Слуга, что пришел на звонок, зажег свет в спальной маркиза; дверь в том направлении была открыта, и они заметили, как помещение осветилась. Маркиз обернулся и, посмотрев в спальню, прислушался к удаляющимся шагам лакея.

— Принимая к сведенью, что ты в том месте не через чур преуспел, Англия, по-видимому, чем-то прельщает тебя, — с ухмылкой увидел он, опять повернувшись к племяннику.

— Я уже вам сказал, сударь, я осознаю, что моими удачами в Англии я обязан не кому иному, как вам. Ну, а что до остального, — я в том месте отыскал себе приют.

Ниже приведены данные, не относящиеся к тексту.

lemma lower_bound_of_exp_ge_infdist_powr:
  fixes w :: "'a::real_normed_vector \<Rightarrow> real"
  assumes "closed S" "a \<in> S" "K > 0" "q \<ge> 0"
    and exp_w: "inverse K * infdist z S powr (- q) \<le> exp (w z)" and "z \<notin> S"
  shows "- (ln K + 2 * q * sqrt (norm a + 1)) - 2 * q * sqrt (norm z) \<le> w z"
proof -
  have d: "infdist z S > 0"
    using assms(1,2,6) by (intro infdist_pos_not_in_closed) auto
  have "- ln K - q * ln (infdist z S) = ln (inverse K * infdist z S powr (- q))"
    using d assms(3) by (simp add: ln_mult ln_inverse ln_powr)
  also have "\<dots> \<le> ln (exp (w z))"
    using exp_w d assms(3) by (subst ln_le_cancel_iff) auto
  finally have w_ge: "- ln K - q * ln (infdist z S) \<le> w z" by simp
  have "infdist z S \<le> norm z + (norm a + 1)"
    using infdist_le[OF assms(2), of z] norm_triangle_ineq4[of z a] by (simp add: dist_norm)
  then have "ln (infdist z S) \<le> ln (norm z + (norm a + 1))"
    using d by simp
  also have "\<dots> \<le> 2 * sqrt (norm z + (norm a + 1))"
    by (intro ln_le_two_sqrt add_nonneg_pos) auto
  also have "\<dots> \<le> 2 * (sqrt (norm z) + sqrt (norm a + 1))"
    using sqrt_add_le_add_sqrt[of "norm z" "norm a + 1"] by simp
  finally have "q * ln (infdist z S) \<le> q * (2 * (sqrt (norm z) + sqrt (norm a + 1)))"
    using assms(4) by (intro mult_left_mono)
  then show ?thesis
    using w_ge by (simp add: algebra_simps)
qed

lemma second_diff_lower_bound_of_sqrt_growth:
  fixes w :: "'a::real_normed_vector \<Rightarrow> real"
  assumes "\<And>z. z \<notin> S \<Longrightarrow> - A - B * sqrt (norm z) \<le> w z" "B \<ge> 0"
    and "x + y \<notin> S" "x - y \<notin> S"
  shows "- ((2 * A + 2 * B * sqrt (norm x) + 2 * w x) + 2 * B * sqrt (norm y)) \<le> second_diff w x y"
proof -
  have "sqrt (norm z) \<le> sqrt (norm x) + sqrt (norm y)" if "norm z \<le> norm x + norm y" for z :: 'a
    using order_trans[OF real_sqrt_le_mono[OF that] sqrt_add_le_add_sqrt] by simp
  then have sqrt_le: "B * sqrt (norm z) \<le> B * (sqrt (norm x) + sqrt (norm y))"
    if "norm z \<le> norm x + norm y" for z :: 'a
    using that assms(2) by (intro mult_left_mono) auto
  show ?thesis
    using assms(1)[OF assms(3)] assms(1)[OF assms(4)] sqrt_le[of "x + y"] sqrt_le[of "x - y"]
      norm_triangle_ineq[of x y] norm_triangle_ineq4[of x y]
    by (simp add: second_diff_def algebra_simps)
qed

lemma frac_lap_eq_second_diff:
  "frac_lap a h x = - d3 a * (\<integral>y. second_diff h x y / norm y powr (3 + 2 * a) \<partial>lborel)"
  by (simp add: frac_lap_def second_diff_def)

lemma d3_nonneg:
  assumes "a \<ge> 0"
  shows "d3 a \<ge> 0"
  unfolding d3_def using assms
  by (intro divide_nonneg_nonneg mult_nonneg_nonneg) (auto intro: less_imp_le Gamma_real_pos)

lemma frac_lap_half_le_of_integrable_bounds:
  fixes w :: "real^3 \<Rightarrow> real"
  assumes [measurable]: "w \<in> borel_measurable borel"
    and "integrable lborel L" "AE y in lborel. L y \<le> second_diff w x y / norm y powr 4"
    and "integrable lborel U" "\<And>y. second_diff (\<lambda>z. exp (w z)) x y / norm y powr 4 \<le> U y"
  shows "exp (- w x) * frac_lap (1/2) (\<lambda>y. exp (w y)) x \<le> frac_lap (1/2) w x"
proof -
  have "(\<integral>y. second_diff w x y / norm y powr 4 \<partial>lborel)
      \<le> (\<integral>y. exp (- w x) * (second_diff (\<lambda>z. exp (w z)) x y / norm y powr 4) \<partial>lborel)"
  proof (rule integral_mono_between[OF assms(2) integrable_mult_right[OF assms(4)] _ _ assms(3)])
    show "second_diff w x y / norm y powr 4
        \<le> exp (- w x) * (second_diff (\<lambda>z. exp (w z)) x y / norm y powr 4)" for y
      using second_diff_le_exp_second_diff[of w x y] by (simp add: divide_right_mono)
    show "exp (- w x) * (second_diff (\<lambda>z. exp (w z)) x y / norm y powr 4) \<le> exp (- w x) * U y" for y
      using assms(5) by (intro mult_left_mono) auto
  qed (simp_all add: second_diff_def)
  from mult_left_mono[OF this[unfolded integral_mult_right_zero] d3_nonneg[of "1/2"]]
  show ?thesis
    by (simp add: frac_lap_eq_second_diff mult.left_commute)
qed

theorem proposition5p1:
  fixes \<Lambda> :: "(real^3) set" and w :: "real^3 \<Rightarrow> real" and K q :: real
  assumes "closed \<Lambda>"
    and "\<Lambda> \<in> null_sets lborel"
    and "smooth_on3 (- \<Lambda>) w"
    and "L_weighted 1 (\<lambda>y. exp (w y))"
    and "K > 0" and "q > 0"
    and "\<forall>y\<in>- \<Lambda>. inverse K * infdist y \<Lambda> powr (- q) \<le> exp (w y)
                     \<and> exp (w y) \<le> K * infdist y \<Lambda> powr (- q)"
  shows "\<forall>x\<in>- \<Lambda>. frac_lap (1/2) w x \<ge> exp (- w x) * frac_lap (1/2) (\<lambda>y. exp (w y)) x"
proof
  fix x assume x: "x \<in> - \<Lambda>"
  obtain a where a: "a \<in> \<Lambda>"
    using assms(7) x by (cases "\<Lambda> = {}") (auto simp: infdist_def)
  obtain r where r: "r > 0" "cball x r \<subseteq> - \<Lambda>"
    using open_contains_cball assms(1) x by (metis open_Compl)
  obtain C1 C2 where C1: "\<And>y. norm y \<le> r \<Longrightarrow> \<bar>w (x + y) - w x\<bar> \<le> C1 * norm y"
      "\<And>y. norm y \<le> r \<Longrightarrow> \<bar>w (x - y) - w x\<bar> \<le> C1 * norm y"
    and C2: "\<And>y. norm y \<le> r \<Longrightarrow> \<bar>second_diff w x y\<bar> \<le> C2 * (norm y)\<^sup>2"
    using Ck_on_2_second_difference_bounds[OF _ r(2)] assms(3) unfolding smooth_on3_def by metis
  have near: "- (C2 * (norm y)\<^sup>2) \<le> second_diff w x y" if "norm y \<le> r" for y
    using C2[OF that] by linarith
  have far: "- ((2 * (ln K + 2 * q * sqrt (norm a + 1)) + 2 * (2 * q) * sqrt (norm x) + 2 * w x)
      + 2 * (2 * q) * sqrt (norm y)) \<le> second_diff w x y" if "x + y \<notin> \<Lambda>" "x - y \<notin> \<Lambda>" for y
    using that assms(1,5,6,7) a
    by (intro second_diff_lower_bound_of_sqrt_growth lower_bound_of_exp_ge_infdist_powr) auto
  obtain L where L: "integrable lborel L" "AE y in lborel. L y \<le> second_diff w x y / norm y powr 4"
    using second_diff_quotient_lower_bound[OF assms(2) r(1) near far] by blast
  have "second_diff (\<lambda>z. exp (w z)) x y \<le> exp (w x) * (C2 + exp (\<bar>C1\<bar> * r) * C1\<^sup>2) * (norm y)\<^sup>2"
    if "norm y \<le> r" for y
    using that C1 C2 by (intro exp_second_diff_le) (auto intro: mult_mono)
  then obtain U where U: "integrable lborel U"
      "\<And>y. second_diff (\<lambda>z. exp (w z)) x y / norm y powr 4 \<le> U y"
    using second_diff_quotient_upper_bound[OF assms(4) _ r(1)] by (metis exp_ge_zero)
  show "exp (- w x) * frac_lap (1/2) (\<lambda>y. exp (w y)) x \<le> frac_lap (1/2) w x"
    using borel_measurable_L_weighted_exp[OF assms(4)] L U
    by (rule frac_lap_half_le_of_integrable_bounds)
qed

end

— Да, британцы хвастают, что многие находят у них приют. Ты, думается, знаком с нашим соотечественником, что также отыскал в том месте приют? С врачом?

— Да.

— С дочерью?

— Да.

— М-да, — протянул маркиз. — Но ты, я вижу, устал. Спокойной ночи.

И он, все так же радуясь, с церемонной учтивостью легко наклонил голову, но и в его ухмылке и в многозначительном тоне, которым он сказал окончательные слова, что-то поразило племянника; ему показалось, что маркиз чего-то не договаривает. И в ту же 60 секунд узкие узкие губы, узкий прямой впадинки и разрез глаз на крыльях носа дрогнули язвительной насмешкой и будто что-то сатанинское мелькнуло в прекрасных чертах маркиза.

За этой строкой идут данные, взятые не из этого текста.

(* Assume $n>3t$, and that every non-faulty process invokes the SBV-Broadcast instance with tag $T$, where the set of input values of the non-faulty processes has at most two elements. Then the SBV-Broadcast algorithm (described in the context) guarantees all of the following. (SBV-Termination) Every invocation by a non-faulty process returns. (SBV-Obligation) The set $\mathit{view}_i$ returned to a non-faulty $p_i$ is non-empty. (SBV-Justification) If $p_i$ is non-faulty and $v\in \mathit{view}_i$, then some non-faulty process invoked the instance with input $v$. (SBV-Inclusion) If $p_i,p_j$ are non-faulty and $\mathit{view}_i=\{v\}$, then $v\in \mathit{view}_j$. (SBV-Uniformity) If all non-faulty processes invoke the instance with the same input $v$, then $\mathit{view}_i=\{v\}$ at every non-faulty $p_i$. (SBV-Singleton) If $p_i,p_j$ are non-faulty, $\mathit{view}_i=\{v\}$ and $\mathit{view}_j=\{w\}$, then $v=w$. (SBV-Binvalues) The (growing) set $\mathit{bin}_i$ returned to a non-faulty $p_i$ satisfies: (a) if $x\in \mathit{bin}_i$ then some non-faulty process invoked the instance with input $x$; (b) if $x$ is ever added to $\mathit{bin}_i$ at a non-faulty $p_i$, then eventually $x\in \mathit{bin}_j$ at every non-faulty $p_j$; (c) eventually $\mathit{bin}_i\neq\emptyset$; (d) if all non-faulty processes input the same $v$, then $v$ is eventually in $\mathit{bin}_i$ of every non-faulty $p_i$; and moreover (e) for all non-faulty $p_i,p_j$, eventually $\mathit{view}_j\subseteq \mathit{bin}_i$.
   Context: System model: $n$ asynchronous sequential processes $p_1,\dots,p_n$, of which at most $t$ are Byzantine (behave arbitrarily, may collude); the others are non-faulty. Processes communicate over reliable asynchronous point-to-point channels between every pair: messages between non-faulty processes are eventually delivered, unaltered, not duplicated, and the receiver knows the identity of the sender; there is no bound on delays and the adversary controls delivery order. "Broadcast $m$" means sending $m$ to every process (including oneself). When counting messages "received from $k$ distinct processes", at most one message per sender is counted. BV-Broadcast with tag $T$ and input $v$ at process $p_i$: set $\mathit{bin}_i\leftarrow\emptyset$; broadcast $\mathrm{BVAL}(T,v)$; return (a reference to) $\mathit{bin}_i$, which may keep growing afterwards. In the background, for every value $x$: when $\mathrm{BVAL}(T,x)$ has been received from $t+1$ distinct processes and $p_i$ has not yet broadcast $\mathrm{BVAL}(T,x)$, $p_i$ broadcasts $\mathrm{BVAL}(T,x)$; when $\mathrm{BVAL}(T,x)$ has been received from $2t+1$ distinct processes, $p_i$ adds $x$ to $\mathit{bin}_i$. SBV-Broadcast with tag $T$ and input $v$ at $p_i$: $\mathit{bin}_i\leftarrow$ BV-Broadcast with tag $T$ and input $v$; wait until $\mathit{bin}_i\neq\emptyset$; broadcast $\mathrm{AUX}(T,w)$ for some $w\in\mathit{bin}_i$; wait until there are $n-t$ distinct processes $p_j$ from which a message $\mathrm{AUX}(T,w_j)$ has been received with $w_j\in \mathit{bin}_i$ (the current value of the growing set); let $\mathit{view}_i$ be the set of these values $w_j$; return $(\mathit{view}_i,\mathit{bin}_i)$ ($\mathit{view}_i$ is fixed upon return, $\mathit{bin}_i$ may still grow). *)

theory Defs
  imports Main
begin

text \<open>Model of one SBV-Broadcast instance (single tag, so the tag is left implicit)
 in an asynchronous message-passing system with Byzantine processes.
 Processes form a finite type 'p, n = CARD('p); F is the set of faulty processes.\<close>

datatype 'v msg = BVAL 'v | AUX 'v

record ('p, 'v) lst =
  started :: bool
  rcvd    :: "('p \<times> 'v msg) set"
  bvsent  :: "'v set"              \<comment> \<open>values x for which BVAL(x) has been broadcast\<close>
  bin     :: "'v set"
  aux     :: "'v option"           \<comment> \<open>value w of the AUX(w) broadcast, if any\<close>
  view    :: "'v set option"

record ('p, 'v) cfg =
  net :: "('p \<times> 'p \<times> 'v msg) set"  \<comment> \<open>messages in transit: (sender, receiver, message)\<close>
  ls  :: "'p \<Rightarrow> ('p, 'v) lst"

definition init_lst :: "('p, 'v) lst" where
  "init_lst = \<lparr>started = False, rcvd = {}, bvsent = {}, bin = {}, aux = None, view = None\<rparr>"

definition init_cfg :: "('p, 'v) cfg" where
  "init_cfg = \<lparr>net = {}, ls = (\<lambda>_. init_lst)\<rparr>"

definition bcast :: "'p \<Rightarrow> 'v msg \<Rightarrow> ('p \<times> 'p \<times> 'v msg) set" where
  "bcast i m = (\<lambda>k. (i, k, m)) ` UNIV"

definition nbval :: "('p, 'v) lst \<Rightarrow> 'v \<Rightarrow> nat" where
  "nbval s x = card {j. (j, BVAL x) \<in> rcvd s}"

definition start_en :: "('p, 'v) cfg \<Rightarrow> 'p \<Rightarrow> bool" where
  "start_en c i = (\<not> started (ls c i))"

definition echo_en :: "nat \<Rightarrow> ('p, 'v) cfg \<Rightarrow> 'p \<Rightarrow> 'v \<Rightarrow> bool" where
  "echo_en t c i x = (started (ls c i) \<and> x \<notin> bvsent (ls c i) \<and> t + 1 \<le> nbval (ls c i) x)"

definition bin_en :: "nat \<Rightarrow> ('p, 'v) cfg \<Rightarrow> 'p \<Rightarrow> 'v \<Rightarrow> bool" where
  "bin_en t c i x = (started (ls c i) \<and> x \<notin> bin (ls c i) \<and> 2 * t + 1 \<le> nbval (ls c i) x)"

definition aux_en :: "('p, 'v) cfg \<Rightarrow> 'p \<Rightarrow> bool" where
  "aux_en c i = (started (ls c i) \<and> aux (ls c i) = None \<and> bin (ls c i) \<noteq> {})"

text \<open>S: n - t distinct senders; f j: the (single counted) AUX value from j, which lies in bin_i.\<close>
definition ret_cond :: "nat \<Rightarrow> ('p::finite, 'v) cfg \<Rightarrow> 'p \<Rightarrow> 'p set \<Rightarrow> ('p \<Rightarrow> 'v) \<Rightarrow> bool" where
  "ret_cond t c i S f = (card S = card (UNIV :: 'p set) - t \<and>
      (\<forall>j\<in>S. (j, AUX (f j)) \<in> rcvd (ls c i) \<and> f j \<in> bin (ls c i)))"

definition ret_en :: "nat \<Rightarrow> ('p::finite, 'v) cfg \<Rightarrow> 'p \<Rightarrow> bool" where
  "ret_en t c i = (started (ls c i) \<and> aux (ls c i) \<noteq> None \<and> view (ls c i) = None \<and>
      (\<exists>S f. ret_cond t c i S f))"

— Д-да, — повторил он. — Врач с дочкой. Так-так. Из этого и новая философия. Ты устал, мой дорогой друг. Покойной ночи!

Тщетно было бы пробовать прочесть что-нибудь на этом лице — так же тщетно, как пробовать прочесть что-то на каменных лицах фасада; и тщетно племянник всматривался в него, пока маркиз не скрылся в дверях спальни.

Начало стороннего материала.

lemma is_allocation_bundle_Un:
  "is_bundle c G B \<Longrightarrow> is_bundle c G Y \<Longrightarrow> bsize B + bsize Y \<le> \<alpha> \<Longrightarrow> is_allocation c G \<alpha> (bundle_Un B Y)"
  using bsize_bundle_Un_le is_bundle_bundle_Un by (fastforce simp: is_allocation_def)

definition approved_unit ::
  "real \<Rightarrow> 'g set \<Rightarrow> ('a \<Rightarrow> real set \<times> 'g set) \<Rightarrow> 'a set \<Rightarrow> real set \<times> 'g set \<Rightarrow> real set \<times> 'g set \<Rightarrow> bool"
  where "approved_unit c G R S A Y \<longleftrightarrow> is_bundle c G Y \<and> bsize Y = 1 \<and>
    (\<forall>i\<in>S. fst Y \<subseteq> fst (R i) \<and> snd Y \<subseteq> snd (R i)) \<and> finite (fst A \<inter> fst Y) \<and> snd A \<inter> snd Y = {}"

lemma util_bundle_Un_approved_unit:
  assumes "finite G" "\<forall>i\<in>N. is_bundle c G (R i)" "S \<subseteq> N" "approved_unit c G R S A Y"
    and "is_bundle c G B" "fst B \<subseteq> fst A" "snd B \<subseteq> snd A"
  shows "\<forall>i\<in>N. util (R i) B \<le> util (R i) (bundle_Un B Y)"
    and "\<forall>i\<in>S. util (R i) (bundle_Un B Y) = util (R i) B + 1"
proof -
  have "finite (fst A \<inter> fst Y)"
    using assms(4) by (simp add: approved_unit_def)
  then have "finite (fst B \<inter> fst Y)"
    by (rule finite_subset[rotated]) (use assms(6) in auto)
  then have Y: "is_bundle c G Y" "bsize Y = 1" "finite (fst B \<inter> fst Y)" "snd B \<inter> snd Y = {}"
    using assms(4,7) by (auto simp: approved_unit_def)
  show "\<forall>i\<in>N. util (R i) B \<le> util (R i) (bundle_Un B Y)"
    using assms(2) util_mono[OF assms(1) _ assms(5) is_bundle_bundle_Un[OF assms(5) Y(1)]]
    by (simp add: bundle_Un_def)
  show "\<forall>i\<in>S. util (R i) (bundle_Un B Y) = util (R i) B + 1"
  proof
    fix i
    assume "i \<in> S"
    with assms(2-4) have "is_bundle c G (R i)" "fst Y \<subseteq> fst (R i)" "snd Y \<subseteq> snd (R i)"
      by (auto simp: approved_unit_def)
    with util_bundle_Un[OF assms(1) _ assms(5) Y(1) _ _ Y(3,4)] Y(2)
    show "util (R i) (bundle_Un B Y) = util (R i) B + 1"
      by simp
  qed
qed

text \<open>If there were room for an approved unit next to a GPAV allocation \<open>A\<close>, adding it would raise
  the score.\<close>
lemma gpav_no_room_for_unit:
  assumes "finite N" "finite G" "\<forall>i\<in>N. is_bundle c G (R i)" "is_gpav c G N R \<alpha> A"
    and "S \<subseteq> N" "S \<noteq> {}" "approved_unit c G R S A Y"
  shows "\<alpha> < bsize A + 1"
proof (rule ccontr)
  assume "\<not> \<alpha> < bsize A + 1"
  have A: "is_bundle c G A"
    using assms(4) by (simp add: is_gpav_def is_allocation_def)
  then have "is_allocation c G \<alpha> (bundle_Un A Y)"
    using assms(7) \<open>\<not> \<alpha> < bsize A + 1\<close> by (intro is_allocation_bundle_Un) (auto simp: approved_unit_def)
  then have "pav_score N R (bundle_Un A Y) \<le> pav_score N R A"
    using assms(4) unfolding is_gpav_def by blast
  moreover have "pav_score N R A < pav_score N R (bundle_Un A Y)"
    unfolding pav_score_def
  proof (rule sum_strict_mono_ex1)
    note util = util_bundle_Un_approved_unit[OF assms(2,3,5,7) A subset_refl subset_refl]
    show "\<forall>i\<in>N. genH (util (R i) A) \<le> genH (util (R i) (bundle_Un A Y))"
      using util(1) util_nonneg genH_mono by blast
    obtain i where "i \<in> S"
      using assms(6) by blast
    then have "i \<in> N" "genH (util (R i) A) < genH (util (R i) (bundle_Un A Y))"
      using util(2) assms(5) genH_less_succ[OF util_nonneg[of "R i" A]] by auto
    then show "\<exists>i\<in>N. genH (util (R i) A) < genH (util (R i) (bundle_Un A Y))"
      by blast
  qed (rule assms(1))
  ultimately show False
    by linarith
qed

text \<open>By \<open>gpav_no_room_for_unit\<close>, \<open>A\<close> is too full by some \<open>\<delta> \<in> (0, 1]\<close>, so exchanging any of the
  removals of \<open>bundle_removals\<close> for the unit is feasible, and no exchange may raise the score.\<close>
lemma gpav_unit_exchange:
  assumes "finite N" "finite G" "\<forall>i\<in>N. is_bundle c G (R i)" "is_gpav c G N R \<alpha> A"
    and "S \<subseteq> N" "S \<noteq> {}" "approved_unit c G R S A Y"
  shows "\<alpha> * (\<Sum>i\<in>S. 1 / (util (R i) A + 1)) < real (card N)"
proof -
  have A: "is_bundle c G A" "bsize A \<le> \<alpha>"
    using assms(4) by (simp_all add: is_gpav_def is_allocation_def)
  define \<delta> where "\<delta> = bsize A + 1 - \<alpha>"
  have "0 < \<delta>" "\<delta> \<le> 1"
    using gpav_no_room_for_unit[OF assms] A(2) by (simp_all add: \<delta>_def)
  moreover have "finite (snd A)"
    using A(1) assms(2) finite_subset by (auto simp: is_bundle_def)
  ultimately obtain J :: "(nat + 'b) set" and P where J: "finite J" "bsize A - \<delta> < real (card J)"
    and P: "\<forall>j\<in>J. is_bundle c G (P j) \<and> fst (P j) \<subseteq> fst A \<and> snd (P j) \<subseteq> snd A \<and> bsize (P j) \<le> bsize A - \<delta>"
    and cost: "\<forall>Ri. is_bundle c G Ri \<longrightarrow>
       (\<forall>j\<in>J. util Ri A - util Ri (P j) \<le> 1) \<and> (\<Sum>j\<in>J. util Ri A - util Ri (P j)) \<le> util Ri A"
    using bundle_removals[OF A(1)] by metis
  define u where "u i = util (R i) A" for i
  have "(real (card J) + 1) * (\<Sum>i\<in>S. 1 / (u i + 1)) \<le> real (card N)"
  proof (rule pav_exchange_count[OF assms(1,5) J(1), where x = "\<lambda>j i. u i - util (R i) (P j)"
        and v = "\<lambda>j i. util (R i) (bundle_Un (P j) Y)"])
    have util_P: "util (R i) (P j) \<le> u i" if "i \<in> N" "j \<in> J" for i j
      using util_mono[OF assms(2) _ _ A(1)] assms(3) P that unfolding u_def by blast
    have cost_i: "(\<forall>j\<in>J. u i - util (R i) (P j) \<le> 1) \<and> (\<Sum>j\<in>J. u i - util (R i) (P j)) \<le> u i"
      if "i \<in> N" for i
      using cost assms(3) that unfolding u_def by blast
    show "\<forall>i\<in>N. 0 \<le> u i"
      by (simp add: u_def util_nonneg)
    show "\<forall>j\<in>J. \<forall>i\<in>N. 0 \<le> u i - util (R i) (P j) \<and> u i - util (R i) (P j) \<le> 1"
      using util_P cost_i by simp
    show "\<forall>i\<in>N. (\<Sum>j\<in>J. u i - util (R i) (P j)) \<le> u i"
      using cost_i by simp
    note extend = util_bundle_Un_approved_unit[OF assms(2,3,5,7)]
    show "\<forall>j\<in>J. \<forall>i\<in>N. u i - (u i - util (R i) (P j)) \<le> util (R i) (bundle_Un (P j) Y)"
      using extend(1) P by simp
    show "\<forall>j\<in>J. \<forall>i\<in>S. u i - (u i - util (R i) (P j)) + 1 \<le> util (R i) (bundle_Un (P j) Y)"
      using extend(2) P by simp
    show "\<forall>j\<in>J. (\<Sum>i\<in>N. genH (util (R i) (bundle_Un (P j) Y))) \<le> (\<Sum>i\<in>N. genH (u i))"
    proof
      fix j
      assume "j \<in> J"
      with P assms(7) have "is_allocation c G \<alpha> (bundle_Un (P j) Y)"
        by (intro is_allocation_bundle_Un) (auto simp: approved_unit_def \<delta>_def)
      with assms(4) show "(\<Sum>i\<in>N. genH (util (R i) (bundle_Un (P j) Y))) \<le> (\<Sum>i\<in>N. genH (u i))"
        unfolding is_gpav_def pav_score_def u_def by blast
    qed
  qed
  moreover have "0 < (\<Sum>i\<in>S. 1 / (u i + 1))"
    using assms(1,5,6) finite_subset util_nonneg[of "R _" A]
    by (intro sum_pos) (auto simp: u_def add_nonneg_pos)
  moreover have "\<alpha> < real (card J) + 1"
    using J(2) by (simp add: \<delta>_def)
  ultimately show ?thesis
    unfolding u_def by (meson mult_strict_right_mono order_less_le_trans)
qed

lemma approved_unit_exists:
  assumes "finite G" "finite S" "i \<in> S" "\<forall>i\<in>S. is_bundle c G (R i)" "is_bundle c G A"
    and "util (R i) A + 1 \<le> bsize (common_bundle S R)"
  obtains Y where "approved_unit c G R S A Y"
proof -
  have T: "is_bundle c G (common_bundle S R)"
    using assms(2-4) is_bundle_common_bundle by blast
  have "fst (common_bundle S R) \<subseteq> fst (R i)" "snd (common_bundle S R) \<subseteq> snd (R i)"
    using assms(3) by (auto simp: common_bundle_def)
  then have "util A (common_bundle S R) \<le> util A (R i)"
    using assms(3,4) by (intro util_mono[OF assms(1) assms(5) T]) auto
  with assms(6) have "util (common_bundle S R) A + 1 \<le> bsize (common_bundle S R)"
    by (simp add: util_commute)
  then obtain Y where "is_bundle c G Y" "fst Y \<subseteq> fst (common_bundle S R)" "snd Y \<subseteq> snd (common_bundle S R)"
    "finite (fst A \<inter> fst Y)" "snd A \<inter> snd Y = {}" "bsize Y = 1"
    using unit_bundle_outside[OF assms(1) T assms(5)] by blast
  then have "approved_unit c G R S A Y"
    by (auto simp: approved_unit_def common_bundle_def)
  with that show ?thesis .
qed

lemma exists_le_average:
  fixes u :: "'a \<Rightarrow> real"
  assumes "finite S" "S \<noteq> {}" "(\<Sum>i\<in>S. u i) \<le> a * real (card S)"
  obtains i where "i \<in> S" "u i \<le> a"
proof (rule ccontr)
  assume "\<not> thesis"
  with that have "(\<Sum>i\<in>S. a) < (\<Sum>i\<in>S. u i)"
    using assms(1,2) by (intro sum_strict_mono) force+
  with assms(3) show False
    by (simp add: mult.commute)
qed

— Спокойной ночи! — сообщил дядя. — Надеюсь, я буду иметь наслаждение заметить тебя на следующий день! Приятного сна! Посветите моему племяннику — проводите его. «Да сожгите этого господина, моего племянника, живьем в его постели!» — добавил он про себя, берясь за колокольчик, дабы вызвать своего лакея.

Лакей выполнил собственные обязанности и ушел, а господин маркиз, облачившись в просторный халат, стал медлительно прохаживаться взад и вперед по помещению — ночь была такая знойная, душная, — ему еще не хотелось ложиться. Тихо ступая в собственных мягких ночных туфлях и чуть шелестя халатом, он двигался как будто бы прекрасный тигр; точь-в-точь не добрый колдун из сказки, что только что из тигра превратился в маркиза и вот-вот опять станет тигром.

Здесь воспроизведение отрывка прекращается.